(* Let $G\subset\mathrm{Diff}^1_+(\mathbb{S}^2)$ be a sharply $3$-transitive group containing the rotation group $\mathrm{Rot}(\mathbb{S}^2)$. Then every $g\in G_2$ is conformal at the poles $\mathbf{0}$ and $\mathbf{\infty}$, i.e. $Dg(\mathbf{0})$ and $Dg(\mathbf{\infty})$ are conformal linear maps (positive multiples of rotations).
   Context: $\mathrm{Diff}^1_+(\mathbb{S}^2)$ is the group of orientation-preserving $C^1$ diffeomorphisms of the unit sphere; $\mathrm{Rot}(\mathbb{S}^2)=SO(3)$ acting on $\mathbb{S}^2$. $\mathbb{S}^2$ is identified with $\mathbb{C}\cup\{\infty\}$ by stereographic projection from the North Pole $\mathbf{\infty}$; $\mathbf{0}$ is the South Pole. $G_2=\{g\in G: g(\mathbf{0})=\mathbf{0},\ g(\mathbf{\infty})=\mathbf{\infty}\}$. $G$ is sharply $3$-transitive if any triple of distinct points can be mapped onto any other triple of distinct points by an element of $G$, and the only element of $G$ fixing each point of a triple of distinct points is the identity. *)

theory Defs
  imports "HOL-Analysis.Analysis"
begin

definition S2 :: "(real^3) set" where
  "S2 = sphere 0 1"

text \<open>North pole (the point at infinity under stereographic projection) and South pole (the point 0).\<close>
definition north_pole :: "real^3" where
  "north_pole = axis 3 1"

definition south_pole :: "real^3" where
  "south_pole = axis 3 (-1)"

text \<open>Radial extension of a map of the sphere to R^3 minus the origin; a map of S2 is C^1
  iff its radial extension is C^1 on R^3 - {0}, and the derivative of the radial
  extension at p in S2, restricted to the tangent plane p-perp, is the tangent map Dg(p).\<close>
definition rext :: "(real^3 \<Rightarrow> real^3) \<Rightarrow> real^3 \<Rightarrow> real^3" where
  "rext f = (\<lambda>x. f (x /\<^sub>R norm x))"

definition C1_S2 :: "(real^3 \<Rightarrow> real^3) \<Rightarrow> bool" where
  "C1_S2 f \<longleftrightarrow> f ` S2 \<subseteq> S2 \<and>
     (\<exists>D :: real^3 \<Rightarrow> real^3^3.
        (\<forall>x. x \<noteq> 0 \<longrightarrow> (rext f has_derivative (\<lambda>h. D x *v h)) (at x))
        \<and> continuous_on (- {0}) D)"

text \<open>Orientation preserving: the tangent map sends positively oriented tangent bases
  (w.r.t. the outward normal) to positively oriented tangent bases.\<close>
definition orientation_preserving_S2 :: "(real^3 \<Rightarrow> real^3) \<Rightarrow> bool" where
  "orientation_preserving_S2 g \<longleftrightarrow>
     (\<forall>p\<in>S2. \<forall>u v L. u \<bullet> p = 0 \<and> v \<bullet> p = 0 \<and> det (vector [p, u, v] :: real^3^3) > 0
        \<and> (rext g has_derivative L) (at p)
        \<longrightarrow> det (vector [g p, L u, L v] :: real^3^3) > 0)"

text \<open>Orientation-preserving C^1 diffeomorphisms of S2 (only values on S2 matter).\<close>
definition Diff1_plus_S2 :: "(real^3 \<Rightarrow> real^3) set" where
  "Diff1_plus_S2 = {g. bij_betw g S2 S2 \<and> C1_S2 g \<and> C1_S2 (inv_into S2 g)
                        \<and> orientation_preserving_S2 g}"

text \<open>G is a group of maps of S2 under composition (maps identified when equal on S2).\<close>
definition group_on_S2 :: "(real^3 \<Rightarrow> real^3) set \<Rightarrow> bool" where
  "group_on_S2 G \<longleftrightarrow>
     (\<exists>e\<in>G. \<forall>x\<in>S2. e x = x) \<and>
     (\<forall>g\<in>G. \<forall>h\<in>G. \<exists>k\<in>G. \<forall>x\<in>S2. k x = g (h x)) \<and>
     (\<forall>g\<in>G. \<exists>k\<in>G. \<forall>x\<in>S2. k (g x) = x \<and> g (k x) = x)"

definition contains_rotations :: "(real^3 \<Rightarrow> real^3) set \<Rightarrow> bool" where
  "contains_rotations G \<longleftrightarrow>
     (\<forall>A :: real^3^3. orthogonal_matrix A \<and> det A = 1 \<longrightarrow>
        (\<exists>g\<in>G. \<forall>x\<in>S2. g x = A *v x))"
lemma eventually_prob_few_pulls_le:
  assumes valid: "valid_policy K \<pi>" and efficient: "uniformly_efficient K \<delta> \<pi>"
    and \<theta>: "\<forall>a\<in>{1..K}. 0 \<le> \<theta> a \<and> \<theta> a \<le> 1" and k: "k \<in> {1..K}"
    and others: "\<forall>a\<in>{1..K}. a \<noteq> k \<longrightarrow> \<theta> a \<le> m" and "m < \<theta> k"
    and mean: "integrable (measure_pmf \<delta>) (\<lambda>d. real d)" and \<alpha>: "0 < \<alpha>" "\<alpha> < 1"
  shows "\<forall>\<^sub>F T in sequentially. measure_pmf.prob (hist \<pi> \<theta> \<delta> T) {h. pulls k h \<le> real T / 2} \<le> real T powr (\<alpha> - 1)"
proof -
  define \<mu> where "\<mu> = measure_pmf.expectation \<delta> (\<lambda>d. real d)"
  define R where "R T = regret K \<pi> \<theta> \<delta> T + \<mu>" for T
  have "(\<lambda>T. regret K \<pi> \<theta> \<delta> T / real T powr \<alpha> + \<mu> / real T powr \<alpha>) \<longlonglongrightarrow> 0 + 0"
    using efficient \<theta> \<alpha> unfolding uniformly_efficient_def by (intro tendsto_add) (auto, real_asymp)
  then have "(\<lambda>T. R T / real T powr \<alpha>) \<longlonglongrightarrow> 0"
    by (simp add: R_def add_divide_distrib)
  then have "\<forall>\<^sub>F T in sequentially. R T / real T powr \<alpha> < (\<theta> k - m) / 2"
    using \<open>m < \<theta> k\<close> by (intro order_tendstoD) auto
  then show ?thesis
    using eventually_gt_at_top[of 0]
  proof eventually_elim
    case (elim T)
    have "(\<theta> k - m) * (real T - measure_pmf.expectation (hist \<pi> \<theta> \<delta> T) (pulls k)) \<le> R T"
      using regret_ge_pulls_optimal[OF valid \<theta> k others mean, of T] by (simp add: R_def \<mu>_def)
    then have "2 * (real T - measure_pmf.expectation (hist \<pi> \<theta> \<delta> T) (pulls k)) / real T
        \<le> 2 * (R T / (\<theta> k - m)) / real T"
      using \<open>m < \<theta> k\<close> by (intro divide_right_mono mult_left_mono) (auto simp: pos_le_divide_eq mult.commute)
    also have "\<dots> \<le> real T powr \<alpha> / real T"
      using elim \<open>m < \<theta> k\<close> by (intro divide_right_mono) (auto simp: field_simps)
    also have "\<dots> = real T powr (\<alpha> - 1)"
      using elim by (simp add: powr_diff)
    finally show ?case
      using prob_few_pulls_le[of T \<pi> \<theta> \<delta> k] elim by simp
  qed
qed

lemma eventually_kl_pulls_ge:
  assumes valid: "valid_policy K \<pi>" and efficient: "uniformly_efficient K \<delta> \<pi>"
    and \<theta>: "\<forall>a\<in>{1..K}. 0 < \<theta> a \<and> \<theta> a < 1" and best: "\<forall>a\<in>{1..K}. \<theta> a \<le> \<theta> 1"
    and k: "k \<in> {1..K}" "\<theta> k < \<theta> 1" and x: "\<theta> 1 < x" "x < 1"
    and mean: "integrable (measure_pmf \<delta>) (\<lambda>d. real d)" and \<alpha>: "0 < \<alpha>" "\<alpha> < 1"
  shows "\<forall>\<^sub>F T in sequentially. (1 - \<alpha>) * (1 - \<alpha>) * ln (real T) - ln 2
           \<le> kl_bern (\<theta> k) x * measure_pmf.expectation (hist \<pi> \<theta> \<delta> T) (pulls k)"
proof -
  define \<theta>' where "\<theta>' = \<theta>(k := x)"
  have "0 < \<theta> 1"
    using \<theta> k(1) by auto
  then have \<theta>': "\<forall>a\<in>{1..K}. 0 < \<theta>' a \<and> \<theta>' a < 1"
    using \<theta> x by (auto simp: \<theta>'_def)
  have closed: "\<forall>a\<in>{1..K}. 0 \<le> \<rho> a \<and> \<rho> a \<le> 1" if "\<forall>a\<in>{1..K}. 0 < \<rho> a \<and> \<rho> a < 1" for \<rho> :: "nat \<Rightarrow> real"
  proof
    fix a assume "a \<in> {1..K}"
    then show "0 \<le> \<rho> a \<and> \<rho> a \<le> 1"
      using that[rule_format, of a] by simp
  qed
  have "\<forall>\<^sub>F T in sequentially. 1 - \<alpha> \<le> measure_pmf.prob (hist \<pi> \<theta> \<delta> T) {h. pulls k h \<le> real T / 2}"
    using \<alpha> by (intro eventually_prob_few_pulls_ge[OF valid efficient closed[OF \<theta>] best k mean])
  moreover have "\<forall>\<^sub>F T in sequentially.
      measure_pmf.prob (hist \<pi> \<theta>' \<delta> T) {h. pulls k h \<le> real T / 2} \<le> real T powr (\<alpha> - 1)"
    using best x k(1) \<alpha>
    by (intro eventually_prob_few_pulls_le[OF valid efficient closed[OF \<theta>'] k(1), where m="\<theta> 1"] mean)
       (auto simp: \<theta>'_def)
  ultimately show ?thesis
    using eventually_gt_at_top[of 0]
  proof eventually_elim
    case (elim T)
    define P where "P = measure_pmf.prob (hist \<pi> \<theta> \<delta> T) {h. pulls k h \<le> real T / 2}"
    have ln_T: "ln (1 / real T powr (\<alpha> - 1)) = (1 - \<alpha>) * ln (real T)"
      using elim by (simp add: ln_div ln_powr algebra_simps)
    have "(1 - \<alpha>) * (1 - \<alpha>) * ln (real T) \<le> P * ((1 - \<alpha>) * ln (real T))"
      using elim \<alpha> by (subst mult.assoc, intro mult_right_mono) (auto simp: P_def)
    moreover have "P * ((1 - \<alpha>) * ln (real T)) - ln 2
        \<le> measure_pmf.expectation (hist \<pi> \<theta> \<delta> T) (kl_cost \<theta> \<theta>')"
      unfolding P_def ln_T[symmetric] using elim
      by (intro prob_change_of_measure[OF valid \<theta> \<theta>']) auto
    moreover have "measure_pmf.expectation (hist \<pi> \<theta> \<delta> T) (kl_cost \<theta> \<theta>')
        = kl_bern (\<theta> k) x * measure_pmf.expectation (hist \<pi> \<theta> \<delta> T) (pulls k)"
      by (simp add: \<theta>'_def kl_cost_fun_upd[abs_def])
    ultimately show ?case
      by linarith
  qed
qed

lemma exists_above_kl_bern_less:
  assumes p: "0 < p" "p < 1" and q: "0 < q" "q < 1" and less: "c * kl_bern p q < 1"
  shows "\<exists>x. q < x \<and> x < 1 \<and> c * kl_bern p x < 1"
proof -
  have "((\<lambda>y. c * kl_bern p y) \<longlongrightarrow> c * kl_bern p q) (at q)"
    using isCont_kl_bern[OF p q] by (intro tendsto_mult_left) (simp add: isCont_def)
  then have "\<forall>\<^sub>F y in at q. c * kl_bern p y < 1"
    using less by (rule order_tendstoD)
  then obtain d where "0 < d" and d: "\<And>y. y \<noteq> q \<Longrightarrow> dist y q < d \<Longrightarrow> c * kl_bern p y < 1"
    unfolding eventually_at by auto
  define w where "w = min d (1 - q)"
  have "0 < w" "w \<le> d" "w \<le> 1 - q"
    using \<open>0 < d\<close> q by (auto simp: w_def)
  then have "q < q + w / 2" "q + w / 2 < 1" "c * kl_bern p (q + w / 2) < 1"
    by (auto intro!: d simp: dist_real_def)
  then show ?thesis
    by blast
qed
(* Fix $k\ge0$. Let $\mathcal G$ be a discrete groupoid acting self-similarly on a finitely aligned $(k+1)$-graph $\Lambda$, let $\Gamma=d^{-1}(\mathbb N^k\times\{0\})\subseteq\Lambda$, and let $\sigma$ be a $\mathbb T$-valued $2$-cocycle on $\Lambda\bowtie\mathcal G$ (also denoted $\sigma$ when restricted to $\Gamma\bowtie\mathcal G$). There is a unique $*$-homomorphism $\Phi:\mathcal TC^*(\Gamma\bowtie\mathcal G,\sigma)\to\mathcal TC^*(\Lambda\bowtie\mathcal G,\sigma)$ with $\Phi(t^{\Gamma\bowtie\mathcal G}_{\gamma g})=t^{\Lambda\bowtie\mathcal G}_{\gamma g}$ for all $\gamma g\in\Gamma\bowtie\mathcal G$. If $\Lambda$ is locally convex, then $\Phi$ descends to a $*$-homomorphism $\overline\Phi:C^*(\Gamma\bowtie\mathcal G,\sigma)\to C^*(\Lambda\bowtie\mathcal G,\sigma)$ with $\overline\Phi(s^{\Gamma\bowtie\mathcal G}_{\gamma g})=s^{\Lambda\bowtie\mathcal G}_{\gamma g}$.
   Context: Categories are small, identified with morphism sets; $\mathcal C^0$ objects, $r,s$ range/source, $\mathcal C^2$ composable pairs, $c\mathcal C=\{cc'\}$, $F\mathcal C=\bigcup_{c\in F}c\mathcal C$. Left-cancellative: $ab=ac\Rightarrow b=c$; finitely aligned: $a\mathcal C\cap b\mathcal C=F\mathcal C$ for some finite $F$; independent: $a\notin a'\mathcal C$ for distinct $a,a'\in F$; for $v\in\mathcal C^0$, $F\subseteq v\mathcal C$ is exhaustive if $c\mathcal C\cap F\mathcal C\ne\emptyset$ for all $c\in v\mathcal C$. A $(k+1)$-graph is a countable small category with $d:\Lambda\to\mathbb N^{k+1}$ with unique factorisation; locally convex: for $i\ne j$, if $e\in\Lambda^{e_i}$ and $r(e)\Lambda^{e_j}\ne\emptyset$ then $s(e)\Lambda^{e_j}\ne\emptyset$. A self-similar action of a discrete groupoid $\mathcal G$ on $\Lambda$ ($\mathcal G^0=\Lambda^0$) is a matched pair: left action $g\triangleright\lambda\in\Lambda$, right action $g\triangleleft\lambda\in\mathcal G$ ($s(g)=r(\lambda)$), with $s(g\triangleright\lambda)=r(g\triangleleft\lambda)$, $g\triangleright(\lambda\mu)=(g\triangleright\lambda)((g\triangleleft\lambda)\triangleright\mu)$, $(gh)\triangleleft\lambda=(g\triangleleft(h\triangleright\lambda))(h\triangleleft\lambda)$ and $d(g\triangleright\lambda)=d(\lambda)$; $\Lambda\bowtie\mathcal G$ has morphisms $\lambda g$ with $\lambda g\mu h=\lambda(g\triangleright\mu)(g\triangleleft\mu)h$; $\Gamma\bowtie\mathcal G$ is a subcategory. A $2$-cocycle: $\sigma:\mathcal C^2\to\mathbb T$ with $\sigma(c_2,c_3)\sigma(c_1,c_2c_3)=\sigma(c_1,c_2)\sigma(c_1c_2,c_3)$, $\sigma(r(c),c)=1=\sigma(c,s(c))$. A $\sigma$-twisted representation of a finitely aligned left-cancellative $\mathcal C$: partial isometries $S_c$ with (R1) $S_{c_1}S_{c_2}=\delta_{s(c_1),r(c_2)}\sigma(c_1,c_2)S_{c_1c_2}$, (R2) $S_c^*S_c=S_{s(c)}$, (R3) $S_{c_1}S_{c_1}^*S_{c_2}S_{c_2}^*=\bigvee_{c\in F}S_cS_c^*$ for finite independent $F$ with $c_1\mathcal C\cap c_2\mathcal C=F\mathcal C$ ($=0$ if empty; $\bigvee$ = supremum of commuting projections); it is covariant if also (R4) $S_v=\bigvee_{c\in F}S_cS_c^*$ for every $v$ and finite exhaustive $F\subseteq v\mathcal C$. $\mathcal TC^*(\mathcal C,\sigma)$ (resp. $C^*(\mathcal C,\sigma)$) is generated by a universal (resp. universal covariant) $\sigma$-twisted representation $t$ (resp. $s$). *)

theory Defs
  imports "HOL-Analysis.Analysis"
begin

class cstar_algebra = real_normed_algebra + banach +
  fixes cscale :: "complex \<Rightarrow> 'a \<Rightarrow> 'a"
    and cadj :: "'a \<Rightarrow> 'a"
  assumes cscale_of_real: "cscale (complex_of_real r) x = scaleR r x"
    and cscale_add_right: "cscale a (x + y) = cscale a x + cscale a y"
    and cscale_add_left: "cscale (a + b) x = cscale a x + cscale b x"
    and cscale_mult: "cscale (a * b) x = cscale a (cscale b x)"
    and cscale_one: "cscale 1 x = x"
    and cscale_norm: "norm (cscale a x) = cmod a * norm x"
    and cscale_mult_left: "cscale a (x * y) = cscale a x * y"
    and cscale_mult_right: "cscale a (x * y) = x * cscale a y"
    and cadj_cadj: "cadj (cadj x) = x"
    and cadj_add: "cadj (x + y) = cadj x + cadj y"
    and cadj_cscale: "cadj (cscale a x) = cscale (cnj a) (cadj x)"
    and cadj_mult: "cadj (x * y) = cadj y * cadj x"
    and cstar_identity: "norm (cadj x * x) = (norm x)\<^sup>2"

definition star_hom :: "('a::cstar_algebra \<Rightarrow> 'b::cstar_algebra) \<Rightarrow> bool" where
  "star_hom \<pi> \<longleftrightarrow>
     (\<forall>x y. \<pi> (x + y) = \<pi> x + \<pi> y) \<and>
     (\<forall>a x. \<pi> (cscale a x) = cscale a (\<pi> x)) \<and>
     (\<forall>x y. \<pi> (x * y) = \<pi> x * \<pi> y) \<and>
     (\<forall>x. \<pi> (cadj x) = cadj (\<pi> x))"

inductive_set star_alg_gen :: "'a::cstar_algebra set \<Rightarrow> 'a set" for X where
  gen: "x \<in> X \<Longrightarrow> x \<in> star_alg_gen X"
| add: "x \<in> star_alg_gen X \<Longrightarrow> y \<in> star_alg_gen X \<Longrightarrow> x + y \<in> star_alg_gen X"
| mult: "x \<in> star_alg_gen X \<Longrightarrow> y \<in> star_alg_gen X \<Longrightarrow> x * y \<in> star_alg_gen X"
| scale: "x \<in> star_alg_gen X \<Longrightarrow> cscale a x \<in> star_alg_gen X"
| adj: "x \<in> star_alg_gen X \<Longrightarrow> cadj x \<in> star_alg_gen X"

definition generates :: "'a::cstar_algebra set \<Rightarrow> bool" where
  "generates X \<longleftrightarrow> closure (star_alg_gen X) = UNIV"

definition projection :: "'a::cstar_algebra \<Rightarrow> bool" where
  "projection p \<longleftrightarrow> cadj p = p \<and> p * p = p"

definition partial_isometry :: "'a::cstar_algebra \<Rightarrow> bool" where
  "partial_isometry v \<longleftrightarrow> v * cadj v * v = v"

text \<open>q is the supremum of the set P of projections (order p \<le> q iff p q = p);
 the supremum of the empty set is 0.\<close>
definition is_proj_sup :: "'a::cstar_algebra set \<Rightarrow> 'a \<Rightarrow> bool" where
  "is_proj_sup P q \<longleftrightarrow> projection q \<and> (\<forall>p\<in>P. p * q = p) \<and>
     (\<forall>r. projection r \<and> (\<forall>p\<in>P. p * r = p) \<longrightarrow> q * r = q)"

record ('o, 'm) cat =
  cat_mor :: "'m set"
  cat_obj :: "'o set"
  cat_r :: "'m \<Rightarrow> 'o"
  cat_s :: "'m \<Rightarrow> 'o"
  cat_comp :: "'m \<Rightarrow> 'm \<Rightarrow> 'm"
  cat_id :: "'o \<Rightarrow> 'm"

definition is_category :: "('o, 'm) cat \<Rightarrow> bool" where
  "is_category C \<longleftrightarrow>
     (\<forall>v\<in>cat_obj C. cat_id C v \<in> cat_mor C \<and> cat_r C (cat_id C v) = v \<and> cat_s C (cat_id C v) = v) \<and>
     (\<forall>c\<in>cat_mor C. cat_r C c \<in> cat_obj C \<and> cat_s C c \<in> cat_obj C) \<and>
     (\<forall>a\<in>cat_mor C. \<forall>b\<in>cat_mor C. cat_s C a = cat_r C b \<longrightarrow>
        cat_comp C a b \<in> cat_mor C \<and> cat_r C (cat_comp C a b) = cat_r C a \<and>
        cat_s C (cat_comp C a b) = cat_s C b) \<and>
     (\<forall>a\<in>cat_mor C. \<forall>b\<in>cat_mor C. \<forall>c\<in>cat_mor C. cat_s C a = cat_r C b \<longrightarrow> cat_s C b = cat_r C c \<longrightarrow>
        cat_comp C (cat_comp C a b) c = cat_comp C a (cat_comp C b c)) \<and>
     (\<forall>c\<in>cat_mor C. cat_comp C (cat_id C (cat_r C c)) c = c \<and> cat_comp C c (cat_id C (cat_s C c)) = c)"

definition is_groupoid :: "('o, 'm) cat \<Rightarrow> bool" where
  "is_groupoid G \<longleftrightarrow> is_category G \<and>
     (\<forall>g\<in>cat_mor G. \<exists>h\<in>cat_mor G. cat_s G g = cat_r G h \<and> cat_s G h = cat_r G g \<and>
        cat_comp G g h = cat_id G (cat_r G g) \<and> cat_comp G h g = cat_id G (cat_s G g))"

definition right_ideal :: "('o, 'm) cat \<Rightarrow> 'm \<Rightarrow> 'm set" where
  "right_ideal C c = {cat_comp C c c' | c'. c' \<in> cat_mor C \<and> cat_s C c = cat_r C c'}"

definition set_ideal :: "('o, 'm) cat \<Rightarrow> 'm set \<Rightarrow> 'm set" where
  "set_ideal C F = (\<Union>c\<in>F. right_ideal C c)"

definition left_cancellative :: "('o, 'm) cat \<Rightarrow> bool" where
  "left_cancellative C \<longleftrightarrow> (\<forall>a\<in>cat_mor C. \<forall>b\<in>cat_mor C. \<forall>c\<in>cat_mor C.
     cat_s C a = cat_r C b \<longrightarrow> cat_s C a = cat_r C c \<longrightarrow> cat_comp C a b = cat_comp C a c \<longrightarrow> b = c)"

definition finitely_aligned :: "('o, 'm) cat \<Rightarrow> bool" where
  "finitely_aligned C \<longleftrightarrow> (\<forall>a\<in>cat_mor C. \<forall>b\<in>cat_mor C. \<exists>F. finite F \<and> F \<subseteq> cat_mor C \<and>
     right_ideal C a \<inter> right_ideal C b = set_ideal C F)"

definition independent :: "('o, 'm) cat \<Rightarrow> 'm set \<Rightarrow> bool" where
  "independent C F \<longleftrightarrow> (\<forall>a\<in>F. \<forall>a'\<in>F. a \<noteq> a' \<longrightarrow> a \<notin> right_ideal C a')"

**What is being asked:** Give back, exactly as written, the stretch from the line with "(\<forall>x. \<pi> (cadj" through the line with "(\<forall>v\<in>cat_obj C. cat_id", and no other lines from the records above.

**Exercise answer:**
     (\<forall>x. \<pi> (cadj x) = cadj (\<pi> x))"

inductive_set star_alg_gen :: "'a::cstar_algebra set \<Rightarrow> 'a set" for X where
  gen: "x \<in> X \<Longrightarrow> x \<in> star_alg_gen X"
| add: "x \<in> star_alg_gen X \<Longrightarrow> y \<in> star_alg_gen X \<Longrightarrow> x + y \<in> star_alg_gen X"
| mult: "x \<in> star_alg_gen X \<Longrightarrow> y \<in> star_alg_gen X \<Longrightarrow> x * y \<in> star_alg_gen X"
| scale: "x \<in> star_alg_gen X \<Longrightarrow> cscale a x \<in> star_alg_gen X"
| adj: "x \<in> star_alg_gen X \<Longrightarrow> cadj x \<in> star_alg_gen X"

definition generates :: "'a::cstar_algebra set \<Rightarrow> bool" where
  "generates X \<longleftrightarrow> closure (star_alg_gen X) = UNIV"

definition projection :: "'a::cstar_algebra \<Rightarrow> bool" where
  "projection p \<longleftrightarrow> cadj p = p \<and> p * p = p"

definition partial_isometry :: "'a::cstar_algebra \<Rightarrow> bool" where
  "partial_isometry v \<longleftrightarrow> v * cadj v * v = v"

text \<open>q is the supremum of the set P of projections (order p \<le> q iff p q = p);
 the supremum of the empty set is 0.\<close>
definition is_proj_sup :: "'a::cstar_algebra set \<Rightarrow> 'a \<Rightarrow> bool" where
  "is_proj_sup P q \<longleftrightarrow> projection q \<and> (\<forall>p\<in>P. p * q = p) \<and>
     (\<forall>r. projection r \<and> (\<forall>p\<in>P. p * r = p) \<longrightarrow> q * r = q)"

record ('o, 'm) cat =
  cat_mor :: "'m set"
  cat_obj :: "'o set"
  cat_r :: "'m \<Rightarrow> 'o"
  cat_s :: "'m \<Rightarrow> 'o"
  cat_comp :: "'m \<Rightarrow> 'm \<Rightarrow> 'm"
  cat_id :: "'o \<Rightarrow> 'm"

definition is_category :: "('o, 'm) cat \<Rightarrow> bool" where
  "is_category C \<longleftrightarrow>
     (\<forall>v\<in>cat_obj C. cat_id C v \<in> cat_mor C \<and> cat_r C (cat_id C v) = v \<and> cat_s C (cat_id C v) = v) \<and>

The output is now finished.